definition coboundaries where
  "coboundaries sg sv br rL rR T k = coboundary sg br rL rR T k ` cochain sg sv k"

definition same_class where
  "same_class sg sv br rL rR T k f f' \<longleftrightarrow>
     f \<in> cocycles sg sv br rL rR T k \<and> f' \<in> cocycles sg sv br rL rR T k
     \<and> (\<lambda>vs. f vs - f' vs) \<in> coboundaries sg sv br rL rR T (k - 1)"

definition as_1cochain :: "('v \<Rightarrow> 'g::zero) \<Rightarrow> 'v list \<Rightarrow> 'g" where
  "as_1cochain h vs = (if length vs = 1 then h (hd vs) else 0)"

end

theory Submission
  imports Defs
begin

text \<open>Everything is read off the coefficient of \<open>t\<close>. In the deformation equation of a
  deformation \<open>D\<close> it says \<open>\<partial>\<^sub>T D\<^sub>1 = 0\<close> (the Rota-Baxter identity of \<open>T\<close> is its
  constant coefficient, so it is never used separately). In the equivalence
  \<open>Tt \<circ> \<psi> = \<phi> \<circ> Tb\<close>, where \<open>\<phi> = Id + t L\<^sub>x + \<dots>\<close> and \<open>\<psi> = Id + t \<rho>\<^sup>L(x) + \<dots>\<close>,
  it says \<open>Tb\<^sub>1 - Tt\<^sub>1 = T \<rho>\<^sup>L(x) - [x, T -] = \<partial>\<^sub>T x\<close>.\<close>

lemma fps_bil_1: "fps_bil b A B 1 = b (A 0) (B 1) + b (A 1) (B 0)"
  by (simp add: fps_bil_def atMost_Suc add.commute)

lemma ser_comp_1: "ser_comp A B 1 u = A 0 (B 1 u) + A 1 (B 0 u)"
  by (simp add: ser_comp_def atMost_Suc add.commute)

lemma ser_apply_1: "ser_apply F W 1 = F 0 (W 1) + F 1 (W 0)"
  unfolding ser_apply_def by (rule fps_bil_1)

definition as_0cochain :: "'g \<Rightarrow> 'v list \<Rightarrow> 'g::zero" where
  "as_0cochain x vs = (if vs = [] then x else 0)"

lemma as_0cochain_in_cochain: "as_0cochain x \<in> cochain sg sv 0"
  by (simp add: cochain_def as_0cochain_def)
(* Let $\mathcal L$, $\mathcal P$ be series of the forms $\mathcal L=k+\sum_{n\ge1}u_n(s,t)k^{1-n}$, $\mathcal P=\sum_{n=0}^{N-1}p_n(s,t)k^{N-n}$ ($p_0\ne0$), and let $\mathcal M=\sum_{n\ge1}nt_n\mathcal L^{n-1}+x+Ns\mathcal L^{-1}+\sum_{n\ge1}v_n(s,t)\mathcal L^{-n-1}$. Then the system consisting of the $N$-dcmKP hierarchy for $(\mathcal L,\mathcal P)$ together with $$\frac{\partial\mathcal M}{\partial t_n}=\{\mathcal B_n,\mathcal M\}\ (n\ge1),\qquad \frac{\partial\mathcal M}{\partial s}=\{\log\mathcal P,\mathcal M\},\qquad \{\mathcal L,\mathcal M\}=1$$ is equivalent to the identity of 2-forms (exterior derivative in the variables $k,x,s,t$) $$d\mathcal L\wedge d\mathcal M=dk\wedge dx+\sum_{n\ge1}d\mathcal B_n\wedge dt_n+d\log\mathcal P\wedge ds.$$
   Context: Fix a positive integer $N$. Independent variables are $k$ (spectral variable), $s$ (continuous), $x$ and $t=(t_1,t_2,\dots)$. The Poisson bracket is $\{f,g\}=\frac{\partial f}{\partial k}\frac{\partial g}{\partial x}-\frac{\partial f}{\partial x}\frac{\partial g}{\partial k}$. Projections $(\cdot)_{>0}$ refer to powers of $k$. $\log\mathcal P:=\log p_0+N\log k+\log(1+\sum_{n=1}^{N-1}(p_n/p_0)k^{-n})$ and $\log\mathcal L:=\log k+\log(\mathcal L/k)$, expanded in $k^{-1}$. The $N$-dcmKP hierarchy is $\partial_{t_n}\mathcal L=\{\mathcal B_n,\mathcal L\}$ with $\mathcal B_n:=(\mathcal L^n)_{>0}$, $\partial_s\mathcal L=\{\log\mathcal P,\mathcal L\}$, $\partial_{t_n}\log\mathcal P=\partial_s\mathcal B_n-\{\log\mathcal P,\mathcal B_n\}$ for $n\ge1$. *)

theory Defs
  imports "HOL-Analysis.Analysis" "HOL-Computational_Algebra.Formal_Laurent_Series"
begin

text \<open>Formal series in the spectral variable k with at most finitely many positive
powers of k are represented as Laurent series in z = 1/k, i.e. as elements of
real fls: the coefficient of k^m of a series F is F at index -m.
A point of the (x,s,t) space is a triple (x, s, t) with t :: nat => real, where
t n is the time t_n (n >= 1); the dummy entry t 0 is required to be 0 and only
finitely many times are non-zero (the usual convention that makes the infinite
sum in M well defined).\<close>

type_synonym pt = "real \<times> real \<times> (nat \<Rightarrow> real)"

definition dom_pt :: "pt set" where
  "dom_pt = {(x, s, t). t 0 = 0 \<and> finite {n. t n \<noteq> 0}}"

datatype var = K | X | S | T nat

definition valid_var :: "var \<Rightarrow> bool" where
  "valid_var v = (case v of T n \<Rightarrow> n \<ge> 1 | _ \<Rightarrow> True)"

text \<open>Moving a point along the coordinate line of a variable (k is formal and is
not a coordinate of the point).\<close>
fun shift :: "var \<Rightarrow> real \<Rightarrow> pt \<Rightarrow> pt" where
  "shift K h p = p"
| "shift X h (x, s, t) = (x + h, s, t)"
| "shift S h (x, s, t) = (x, s + h, t)"
| "shift (T n) h (x, s, t) = (x, s, t(n := t n + h))"

definition pdiff :: "var \<Rightarrow> (pt \<Rightarrow> real) \<Rightarrow> pt \<Rightarrow> real" where
  "pdiff v f p = deriv (\<lambda>h. f (shift v h p)) 0"

definition has_pdiffs :: "(pt \<Rightarrow> real) \<Rightarrow> bool" where
  "has_pdiffs f \<longleftrightarrow> (\<forall>p \<in> dom_pt. \<forall>v. valid_var v \<and> v \<noteq> K \<longrightarrow>
      (\<lambda>h. f (shift v h p)) differentiable (at 0))"

text \<open>Build a Laurent series from a coefficient sequence (0 if the sequence is not
bounded below, which never happens for the series considered here).\<close>
definition fls_of :: "(int \<Rightarrow> real) \<Rightarrow> real fls" where
  "fls_of c = (if (\<forall>\<^sub>\<infinity> n::nat. c (- int n) = 0) then Abs_fls c else 0)"
(* For $\mu\in\mathcal{B}$ define $T_\mu: B_{X_\mu^*}\to[-1,1]^V$ by $T_\mu(f)(0_V)=0$ and $T_\mu(f)(u)=f(u)/\mu(u)$ for $u\in V\setminus\{0_V\}$, and let $K_\mu=T_\mu(B_{X_\mu^*})$. Then the set $K=\{(\mu,g)\in\mathcal{B}\times[-1,1]^V: g\in K_\mu\}$ is closed in $\mathcal{B}\times[-1,1]^V$ (product topology, $[-1,1]^V$ with the product topology).
   Context: $V$ is the set of finitely supported rational sequences; $\mathcal{P}\subset\mathbb{R}^V$ the seminorms on $V$ with pointwise convergence topology; for $\mu\in\mathcal{P}$, $\bar\mu$ is its seminorm extension to $c_{00}$ and $X_\mu$ the completion of $c_{00}/\{\bar\mu=0\}$; $\mathcal{B}$ is the set of $\mu\in\mathcal{P}$ with $X_\mu$ infinite-dimensional and $\bar\mu$ a norm on $c_{00}$, with the subspace topology. For $\mu\in\mathcal{B}$, $V\subset c_{00}\subset X_\mu$ and $\mu(u)>0$ for $u\ne0_V$. *)

theory Defs
  imports "HOL-Analysis.Analysis"
begin

definition VV :: "(nat \<Rightarrow> rat) set" where
  "VV = {u. finite {n. u n \<noteq> 0}}"

definition c00 :: "(nat \<Rightarrow> real) set" where
  "c00 = {x. finite {n. x n \<noteq> 0}}"

definition emb :: "(nat \<Rightarrow> rat) \<Rightarrow> (nat \<Rightarrow> real)" where
  "emb u = (\<lambda>n. of_rat (u n))"
lemma mnorm_residual_le:
  assumes x: "x \<in> carrier_vec N"
    and \<sigma>_nonneg: "\<And>l. l \<in> {1..c} \<Longrightarrow> \<sigma> l \<ge> 0"
    and hyp: "\<And>l. l \<in> {1..c} \<Longrightarrow>
        mnorm (Lseq L P (l - 1))
          ((1\<^sub>m (dims (l - 1)) - mp_pinv (P l) * P l) *\<^sub>v xseq x P (l - 1))
        \<le> \<sigma> l * mnorm (Lseq L P (l - 1)) (xseq x P (l - 1))"
  shows "k \<le> c \<Longrightarrow> mnorm L (x - Pup N P k *\<^sub>v xseq x P k) + mnorm L x
    \<le> (\<Prod>l = 1..k. 1 + \<sigma> l) * mnorm L x"
proof (induction k)
  case 0
  have "L *\<^sub>v 0\<^sub>v N \<in> carrier_vec N" using sym_psd_carrier[OF L_psd] by simp
  then show ?case using x dims_0 by (simp add: mnorm_def)
next
  case (Suc k)
  let ?U = "Pup N P k" and ?X = "xseq x P k"
    and ?w = "(1\<^sub>m (dims k) - mp_pinv (P (Suc k)) * P (Suc k)) *\<^sub>v xseq x P k"
  define r where "r = x - ?U *\<^sub>v ?X"
  have k: "k < c" using Suc.prems by simp
  have U: "?U \<in> carrier_mat N (dims k)" using k Pup_carrier by simp
  have X: "?X \<in> carrier_vec (dims k)" using k x xseq_carrier by simp
  have w: "?w \<in> carrier_vec (dims k)"
    using X pinv_Suc_carrier[OF k] P_Suc_carrier[OF k] by (intro mult_mat_vec_carrier) auto
  have r: "r \<in> carrier_vec N" unfolding r_def using x U X by simp
  have \<sigma>: "\<sigma> (Suc k) \<ge> 0" using k \<sigma>_nonneg by simp
  have "mnorm L (?U *\<^sub>v ?w) \<le> \<sigma> (Suc k) * mnorm L (?U *\<^sub>v ?X)"
    using hyp[of "Suc k"] k mnorm_Lseq[of k] w X by simp
  also have "mnorm L (?U *\<^sub>v ?X) \<le> mnorm L x + mnorm L r"
  proof -
    have "?U *\<^sub>v ?X = x + - r" unfolding r_def using x U X by (intro eq_vecI) auto
    thus ?thesis using mnorm_add_le[OF L_psd x, of "- r"] mnorm_uminus[OF sym_psd_carrier[OF L_psd] r] r
      by simp
  qed
  finally have "mnorm L (?U *\<^sub>v ?w) \<le> \<sigma> (Suc k) * (mnorm L x + mnorm L r)"
    using \<sigma> by (simp add: mult_left_mono)
  moreover have "mnorm L (x - Pup N P (Suc k) *\<^sub>v xseq x P (Suc k)) \<le> mnorm L r + mnorm L (?U *\<^sub>v ?w)"
    using residual_Suc[OF x k] mnorm_add_le[OF L_psd r, of "?U *\<^sub>v ?w"] U w unfolding r_def by simp
  ultimately have "mnorm L (x - Pup N P (Suc k) *\<^sub>v xseq x P (Suc k)) + mnorm L x
      \<le> (1 + \<sigma> (Suc k)) * (mnorm L r + mnorm L x)"
    by (simp add: algebra_simps)
  also have "\<dots> \<le> (1 + \<sigma> (Suc k)) * ((\<Prod>l = 1..k. 1 + \<sigma> l) * mnorm L x)"
    using Suc k \<sigma> unfolding r_def by (intro mult_left_mono) auto
  finally show ?case by (simp add: prod.cl_ivl_Suc mult_ac)
qed
(* Let $T>0$. For each $p\ge1$ and $q\ge1$ there exists a constant $C_{p,q,T}>0$ (independent of $N$ and $s$) such that $$\mathbb E\bigl[(\widetilde Z^N(s))^p\bigr]\le C_{p,q,T}\,N^{-q/2}\qquad\text{for all } s\in[0,T],\ N\in\mathbb N.$$
   Context: Model. Fix $\tau>0$, $\mu\ge 0$, $N\in\mathbb N$, and write $L=\lfloor \tau N\rfloor$. The state space is $\Omega_N=[0,\infty)^{L+1}$, with elements $x=(x_{-L},\dots,x_0)$. Define $\theta_N^\pm:\Omega_N\to\Omega_N$ by $(\theta_N^\pm x)_j=x_{j+1}$ for $-L\le j<0$, $(\theta_N^+x)_0=x_0(1+\frac1N)$, $(\theta_N^-x)_0=\max\{x_0(1-\frac{x_{-L}}{N^2}),0\}$. Let $\xi^N=(\xi^N(n))_{n\ge0}$ be the discrete-time Markov chain on $\Omega_N$ moving from $x$ to $\theta_N^+x$ or $\theta_N^-x$ with probability $1/2$ each, with $\xi^N_j(0)=\mu N$ for all $j$. Let $(\sigma_n)_{n\ge1}$ be i.i.d. Exp(1), independent of $\xi^N$, $J_0=0$, $J_n=\sigma_1+\dots+\sigma_n$, and $X^N(t)=\xi^N(n)$ for $t\in[J_n,J_{n+1})$. Define $Z^N(t)=X^N_{-L}(Nt)/N$ for $t\ge0$ and $\widetilde Z^N(t)=Z^N(t)-\min\{Z^N(t),N\}$. *)

theory Defs
  imports "HOL-Probability.Probability"
begin

text \<open>Window length L = floor(tau N).  States x = (x_{-L},...,x_0) are encoded as
  functions int => real, meaningful on the indices -L..0 (set to 0 elsewhere).\<close>

definition Lw :: "real \<Rightarrow> nat \<Rightarrow> nat" where
  "Lw \<tau> N = nat \<lfloor>\<tau> * real N\<rfloor>"
(* Let $L$ be a nonarchimedean field extension of a perfectoid field $K$ such that the residue field $\widetilde L$ has positive transcendence degree over $\widetilde K$, and assume $\widetilde K$ is uncountable. Then $L$ is not a quotient field of a perfectoid Tate algebra $K\langle x_1^{1/p^\infty},\dots,x_n^{1/p^\infty}\rangle$ in any number $n$ of variables (i.e., there is no continuous surjection from such an algebra onto $L$).
   Context: Tildes denote residue fields of nonarchimedean fields. *)

theory Defs
  imports Complex_Main "HOL-Library.Countable_Set" "HOL-Computational_Algebra.Primes"
begin

definition nonarch_abs :: "('a::field \<Rightarrow> real) \<Rightarrow> bool" where
  "nonarch_abs v \<longleftrightarrow> (\<forall>x. 0 \<le> v x) \<and> (\<forall>x. v x = 0 \<longleftrightarrow> x = 0)
     \<and> (\<forall>x y. v (x * y) = v x * v y) \<and> (\<forall>x y. v (x + y) \<le> max (v x) (v y))"

definition nonarch_field :: "('a::field \<Rightarrow> real) \<Rightarrow> bool" where
  "nonarch_field v \<longleftrightarrow> nonarch_abs v \<and> (\<exists>x. x \<noteq> 0 \<and> v x \<noteq> 1)"

definition abs_complete :: "('a::field \<Rightarrow> real) \<Rightarrow> bool" where
  "abs_complete v \<longleftrightarrow> (\<forall>X :: nat \<Rightarrow> 'a.
     (\<forall>e>0. \<exists>N. \<forall>m\<ge>N. \<forall>n\<ge>N. v (X m - X n) < e)
       \<longrightarrow> (\<exists>l. \<forall>e>0. \<exists>N. \<forall>n\<ge>N. v (X n - l) < e))"

text \<open>Perfectoid field (Scholze): complete nonarchimedean field of residue characteristic p
  whose value group is nondiscrete (1 is an accumulation point of the value group), such that
  Frobenius is surjective on K-circ / p.\<close>
definition perfectoid_field :: "('a::field \<Rightarrow> real) \<Rightarrow> nat \<Rightarrow> bool" where
  "perfectoid_field v p \<longleftrightarrow> nonarch_field v \<and> abs_complete v \<and> prime p \<and> v (of_nat p) < 1
     \<and> (\<forall>\<epsilon>>0. \<exists>x. x \<noteq> 0 \<and> v x \<noteq> 1 \<and> \<bar>v x - 1\<bar> < \<epsilon>)
     \<and> (\<forall>x. v x \<le> 1 \<longrightarrow> (\<exists>y. v y \<le> 1 \<and> v (y ^ p - x) \<le> v (of_nat p)))"
(* Let $D$ be a division semialgebra over $\mathbb{Z}_\mathrm{max}$ with finite unit index. Then $D$ is selective: for all $x,y\in D$, either $x+y=x$ or $x+y=y$.
   Context: A (possibly noncommutative) semiring has a commutative associative addition with identity $0$ and an associative multiplication with identity $1$, satisfying both distributive laws; a division semiring is one in which every nonzero element is invertible. $\mathbb{Z}_\mathrm{max}=\mathbb{Z}\cup\{-\infty\}$ is the semifield with addition $\max$ and multiplication ordinary addition. A division semialgebra over a semifield $K$ is a division semiring $D$ with an injective homomorphism from $K$ into the center of $D$. The unit index is $\mathrm{ui}(D/K)=|D^\times/K^\times|$. *)

theory Defs
  imports Main
begin

definition semiring_ax :: "('a \<Rightarrow> 'a \<Rightarrow> 'a) \<Rightarrow> ('a \<Rightarrow> 'a \<Rightarrow> 'a) \<Rightarrow> 'a \<Rightarrow> 'a \<Rightarrow> bool" where
  "semiring_ax add mul z u \<longleftrightarrow>
     (\<forall>x y w. add (add x y) w = add x (add y w)) \<and>
     (\<forall>x y. add x y = add y x) \<and>
     (\<forall>x. add z x = x) \<and>
     (\<forall>x y w. mul (mul x y) w = mul x (mul y w)) \<and>
     (\<forall>x. mul u x = x \<and> mul x u = x) \<and>
     (\<forall>x y w. mul x (add y w) = add (mul x y) (mul x w)) \<and>
     (\<forall>x y w. mul (add x y) w = add (mul x w) (mul y w))"

definition units_of_sr :: "('a \<Rightarrow> 'a \<Rightarrow> 'a) \<Rightarrow> 'a \<Rightarrow> 'a set" where
  "units_of_sr mul u = {x. \<exists>y. mul x y = u \<and> mul y x = u}"

definition division_semiring :: "('a \<Rightarrow> 'a \<Rightarrow> 'a) \<Rightarrow> ('a \<Rightarrow> 'a \<Rightarrow> 'a) \<Rightarrow> 'a \<Rightarrow> 'a \<Rightarrow> bool" where
  "division_semiring add mul z u \<longleftrightarrow> semiring_ax add mul z u \<and>
     (\<forall>x. x \<noteq> z \<longrightarrow> x \<in> units_of_sr mul u)"

datatype zmax = NegInf | Fin int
◆ ◆ ◆
EXERCISE: Among the lines above, repeat exactly those from the line with "S h (x, s, t)" to the line with "deriv (\<lambda>h. f", counting both ends.

TASK SOLUTION:
| "shift S h (x, s, t) = (x, s + h, t)"
| "shift (T n) h (x, s, t) = (x, s, t(n := t n + h))"

definition pdiff :: "var \<Rightarrow> (pt \<Rightarrow> real) \<Rightarrow> pt \<Rightarrow> real" where
  "pdiff v f p = deriv (\<lambda>h. f (shift v h p)) 0"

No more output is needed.